Start of Data for analysis

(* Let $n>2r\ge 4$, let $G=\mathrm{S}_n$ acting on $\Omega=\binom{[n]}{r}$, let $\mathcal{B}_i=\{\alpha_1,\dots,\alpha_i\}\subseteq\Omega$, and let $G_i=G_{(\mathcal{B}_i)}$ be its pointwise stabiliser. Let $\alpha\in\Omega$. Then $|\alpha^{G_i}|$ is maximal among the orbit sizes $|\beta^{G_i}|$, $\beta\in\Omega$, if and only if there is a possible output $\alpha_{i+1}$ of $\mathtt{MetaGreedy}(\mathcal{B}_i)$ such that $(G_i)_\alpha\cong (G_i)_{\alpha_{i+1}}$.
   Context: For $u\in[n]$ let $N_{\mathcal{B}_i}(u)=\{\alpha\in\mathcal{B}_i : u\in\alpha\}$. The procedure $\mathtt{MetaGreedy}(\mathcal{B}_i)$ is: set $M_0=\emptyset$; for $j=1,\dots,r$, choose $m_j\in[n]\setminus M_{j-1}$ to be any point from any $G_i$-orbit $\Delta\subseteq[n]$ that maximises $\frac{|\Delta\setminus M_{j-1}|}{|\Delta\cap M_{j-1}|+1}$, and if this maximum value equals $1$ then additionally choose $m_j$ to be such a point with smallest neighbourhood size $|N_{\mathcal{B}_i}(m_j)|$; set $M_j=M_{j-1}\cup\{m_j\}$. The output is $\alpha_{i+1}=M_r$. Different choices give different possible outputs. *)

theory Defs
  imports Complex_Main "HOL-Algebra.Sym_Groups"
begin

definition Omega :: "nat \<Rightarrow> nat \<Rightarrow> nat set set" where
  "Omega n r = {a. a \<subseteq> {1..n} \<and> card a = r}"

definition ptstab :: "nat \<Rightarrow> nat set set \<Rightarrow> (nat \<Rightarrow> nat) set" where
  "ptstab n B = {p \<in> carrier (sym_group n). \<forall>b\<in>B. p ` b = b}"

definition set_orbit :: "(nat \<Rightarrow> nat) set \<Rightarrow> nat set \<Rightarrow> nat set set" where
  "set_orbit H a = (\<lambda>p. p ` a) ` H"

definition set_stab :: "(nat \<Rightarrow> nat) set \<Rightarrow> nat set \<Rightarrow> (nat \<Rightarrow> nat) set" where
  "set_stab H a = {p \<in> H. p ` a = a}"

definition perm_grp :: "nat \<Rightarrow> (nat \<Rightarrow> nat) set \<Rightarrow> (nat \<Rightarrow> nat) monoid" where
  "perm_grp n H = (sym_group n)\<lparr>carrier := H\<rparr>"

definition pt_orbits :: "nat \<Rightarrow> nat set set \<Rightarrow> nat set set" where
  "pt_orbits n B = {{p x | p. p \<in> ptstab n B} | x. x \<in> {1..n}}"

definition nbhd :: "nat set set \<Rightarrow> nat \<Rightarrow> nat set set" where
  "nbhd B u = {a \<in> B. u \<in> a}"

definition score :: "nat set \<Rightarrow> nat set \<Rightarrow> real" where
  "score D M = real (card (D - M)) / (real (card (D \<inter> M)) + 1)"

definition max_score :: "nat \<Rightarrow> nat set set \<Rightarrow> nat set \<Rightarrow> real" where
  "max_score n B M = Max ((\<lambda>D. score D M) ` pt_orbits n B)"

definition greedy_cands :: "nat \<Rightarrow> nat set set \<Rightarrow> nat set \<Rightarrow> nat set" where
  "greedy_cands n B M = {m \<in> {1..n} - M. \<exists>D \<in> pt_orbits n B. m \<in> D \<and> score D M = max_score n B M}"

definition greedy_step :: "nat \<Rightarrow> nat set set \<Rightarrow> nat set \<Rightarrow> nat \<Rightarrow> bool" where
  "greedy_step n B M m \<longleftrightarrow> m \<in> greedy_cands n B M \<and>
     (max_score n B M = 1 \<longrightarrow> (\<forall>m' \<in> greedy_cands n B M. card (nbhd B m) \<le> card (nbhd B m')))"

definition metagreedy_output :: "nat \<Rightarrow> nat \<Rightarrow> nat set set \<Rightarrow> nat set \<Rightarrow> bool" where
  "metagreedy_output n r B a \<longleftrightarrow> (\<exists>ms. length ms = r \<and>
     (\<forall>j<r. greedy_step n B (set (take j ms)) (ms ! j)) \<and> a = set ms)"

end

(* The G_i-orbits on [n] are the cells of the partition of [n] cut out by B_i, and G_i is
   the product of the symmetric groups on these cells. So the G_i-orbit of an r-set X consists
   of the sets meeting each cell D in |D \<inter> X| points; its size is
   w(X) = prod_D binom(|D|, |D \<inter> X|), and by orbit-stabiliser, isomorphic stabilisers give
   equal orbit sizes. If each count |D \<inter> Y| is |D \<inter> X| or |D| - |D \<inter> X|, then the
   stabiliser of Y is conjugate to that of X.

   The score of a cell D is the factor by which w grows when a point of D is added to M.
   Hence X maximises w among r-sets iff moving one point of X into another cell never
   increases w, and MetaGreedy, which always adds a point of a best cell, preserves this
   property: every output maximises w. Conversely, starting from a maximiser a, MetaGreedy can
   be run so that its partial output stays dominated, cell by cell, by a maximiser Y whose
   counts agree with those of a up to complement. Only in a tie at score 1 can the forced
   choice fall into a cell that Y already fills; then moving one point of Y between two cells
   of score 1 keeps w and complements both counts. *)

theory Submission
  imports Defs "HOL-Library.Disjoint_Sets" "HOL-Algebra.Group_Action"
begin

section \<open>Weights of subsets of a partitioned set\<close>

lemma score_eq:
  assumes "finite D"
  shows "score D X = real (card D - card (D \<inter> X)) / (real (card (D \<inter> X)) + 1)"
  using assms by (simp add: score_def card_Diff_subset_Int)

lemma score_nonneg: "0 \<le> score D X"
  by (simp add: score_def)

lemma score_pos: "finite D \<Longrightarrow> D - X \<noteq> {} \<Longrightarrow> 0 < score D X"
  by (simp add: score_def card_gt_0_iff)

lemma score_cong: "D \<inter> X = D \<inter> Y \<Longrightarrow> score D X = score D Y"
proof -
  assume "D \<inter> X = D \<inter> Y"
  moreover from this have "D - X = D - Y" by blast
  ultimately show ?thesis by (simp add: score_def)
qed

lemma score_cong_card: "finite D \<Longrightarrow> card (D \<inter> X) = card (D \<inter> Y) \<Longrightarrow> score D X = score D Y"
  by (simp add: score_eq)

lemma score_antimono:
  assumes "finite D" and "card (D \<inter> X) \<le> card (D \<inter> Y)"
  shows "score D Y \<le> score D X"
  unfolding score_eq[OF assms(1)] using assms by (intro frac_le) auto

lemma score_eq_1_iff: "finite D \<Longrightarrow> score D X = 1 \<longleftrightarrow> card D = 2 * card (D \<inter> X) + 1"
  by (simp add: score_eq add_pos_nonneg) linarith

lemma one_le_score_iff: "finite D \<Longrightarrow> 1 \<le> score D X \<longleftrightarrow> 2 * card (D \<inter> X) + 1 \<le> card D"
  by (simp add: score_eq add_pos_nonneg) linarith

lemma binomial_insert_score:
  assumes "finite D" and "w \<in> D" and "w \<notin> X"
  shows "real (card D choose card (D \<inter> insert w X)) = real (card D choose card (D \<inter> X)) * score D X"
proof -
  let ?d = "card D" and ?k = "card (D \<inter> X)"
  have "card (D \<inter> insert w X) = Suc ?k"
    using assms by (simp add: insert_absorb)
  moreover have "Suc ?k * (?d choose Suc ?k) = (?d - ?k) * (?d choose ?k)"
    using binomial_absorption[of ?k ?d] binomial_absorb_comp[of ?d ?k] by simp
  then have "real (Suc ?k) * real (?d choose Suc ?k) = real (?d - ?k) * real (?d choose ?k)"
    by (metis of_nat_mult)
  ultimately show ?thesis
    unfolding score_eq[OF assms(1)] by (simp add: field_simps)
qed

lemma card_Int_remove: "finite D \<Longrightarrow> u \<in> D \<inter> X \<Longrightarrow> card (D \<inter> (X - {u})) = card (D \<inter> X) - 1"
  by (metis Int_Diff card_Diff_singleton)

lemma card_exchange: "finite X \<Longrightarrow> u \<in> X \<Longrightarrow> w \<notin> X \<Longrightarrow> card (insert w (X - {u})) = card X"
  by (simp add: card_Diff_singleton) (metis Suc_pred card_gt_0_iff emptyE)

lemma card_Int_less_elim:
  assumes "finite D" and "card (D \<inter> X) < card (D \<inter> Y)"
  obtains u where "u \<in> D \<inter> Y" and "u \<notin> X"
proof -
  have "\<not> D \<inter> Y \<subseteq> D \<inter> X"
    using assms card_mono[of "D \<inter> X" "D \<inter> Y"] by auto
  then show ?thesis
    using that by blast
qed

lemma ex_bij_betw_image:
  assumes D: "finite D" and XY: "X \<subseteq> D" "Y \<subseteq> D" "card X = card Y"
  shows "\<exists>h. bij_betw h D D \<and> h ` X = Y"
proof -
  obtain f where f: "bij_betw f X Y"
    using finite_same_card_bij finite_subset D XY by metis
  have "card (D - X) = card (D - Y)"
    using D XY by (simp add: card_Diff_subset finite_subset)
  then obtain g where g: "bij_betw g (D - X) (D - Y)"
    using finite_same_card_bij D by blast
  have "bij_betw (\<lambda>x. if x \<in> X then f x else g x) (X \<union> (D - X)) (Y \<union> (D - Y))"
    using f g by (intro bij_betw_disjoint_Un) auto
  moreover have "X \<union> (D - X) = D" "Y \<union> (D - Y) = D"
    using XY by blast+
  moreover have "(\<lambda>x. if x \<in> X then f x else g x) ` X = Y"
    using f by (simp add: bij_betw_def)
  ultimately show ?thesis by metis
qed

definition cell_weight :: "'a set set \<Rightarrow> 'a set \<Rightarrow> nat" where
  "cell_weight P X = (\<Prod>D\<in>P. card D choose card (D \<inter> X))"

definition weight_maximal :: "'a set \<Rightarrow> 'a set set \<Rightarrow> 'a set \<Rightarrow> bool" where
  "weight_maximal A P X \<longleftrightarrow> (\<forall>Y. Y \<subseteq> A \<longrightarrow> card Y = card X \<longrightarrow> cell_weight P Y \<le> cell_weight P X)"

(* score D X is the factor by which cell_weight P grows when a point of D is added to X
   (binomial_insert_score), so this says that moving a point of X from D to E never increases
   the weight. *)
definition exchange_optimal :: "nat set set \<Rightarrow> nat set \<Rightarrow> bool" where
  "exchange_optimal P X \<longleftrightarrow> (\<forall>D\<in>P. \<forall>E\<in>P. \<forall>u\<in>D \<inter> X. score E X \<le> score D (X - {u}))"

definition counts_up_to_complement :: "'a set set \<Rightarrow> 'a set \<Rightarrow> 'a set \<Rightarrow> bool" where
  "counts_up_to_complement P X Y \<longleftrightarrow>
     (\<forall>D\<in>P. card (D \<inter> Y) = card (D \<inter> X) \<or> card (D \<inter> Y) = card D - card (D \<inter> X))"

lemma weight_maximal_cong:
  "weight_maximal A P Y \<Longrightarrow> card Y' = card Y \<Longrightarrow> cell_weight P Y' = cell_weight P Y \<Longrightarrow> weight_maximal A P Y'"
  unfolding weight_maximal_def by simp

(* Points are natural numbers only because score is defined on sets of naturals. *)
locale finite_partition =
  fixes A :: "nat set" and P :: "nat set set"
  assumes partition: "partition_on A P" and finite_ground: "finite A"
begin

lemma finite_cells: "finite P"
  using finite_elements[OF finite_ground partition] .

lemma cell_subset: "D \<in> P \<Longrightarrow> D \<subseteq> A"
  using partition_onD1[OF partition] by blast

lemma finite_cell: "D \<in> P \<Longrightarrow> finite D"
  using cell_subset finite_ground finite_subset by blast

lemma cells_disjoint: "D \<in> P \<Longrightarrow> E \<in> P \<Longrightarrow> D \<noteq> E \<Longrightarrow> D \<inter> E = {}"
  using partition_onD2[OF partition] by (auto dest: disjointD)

End of Data for analysis

- [Your goal] Across the listing above, find all lines where the word "imports" is present and copy them.

- [Expected answer]
  imports Complex_Main "HOL-Algebra.Sym_Groups"
  imports Defs "HOL-Library.Disjoint_Sets" "HOL-Algebra.Group_Action"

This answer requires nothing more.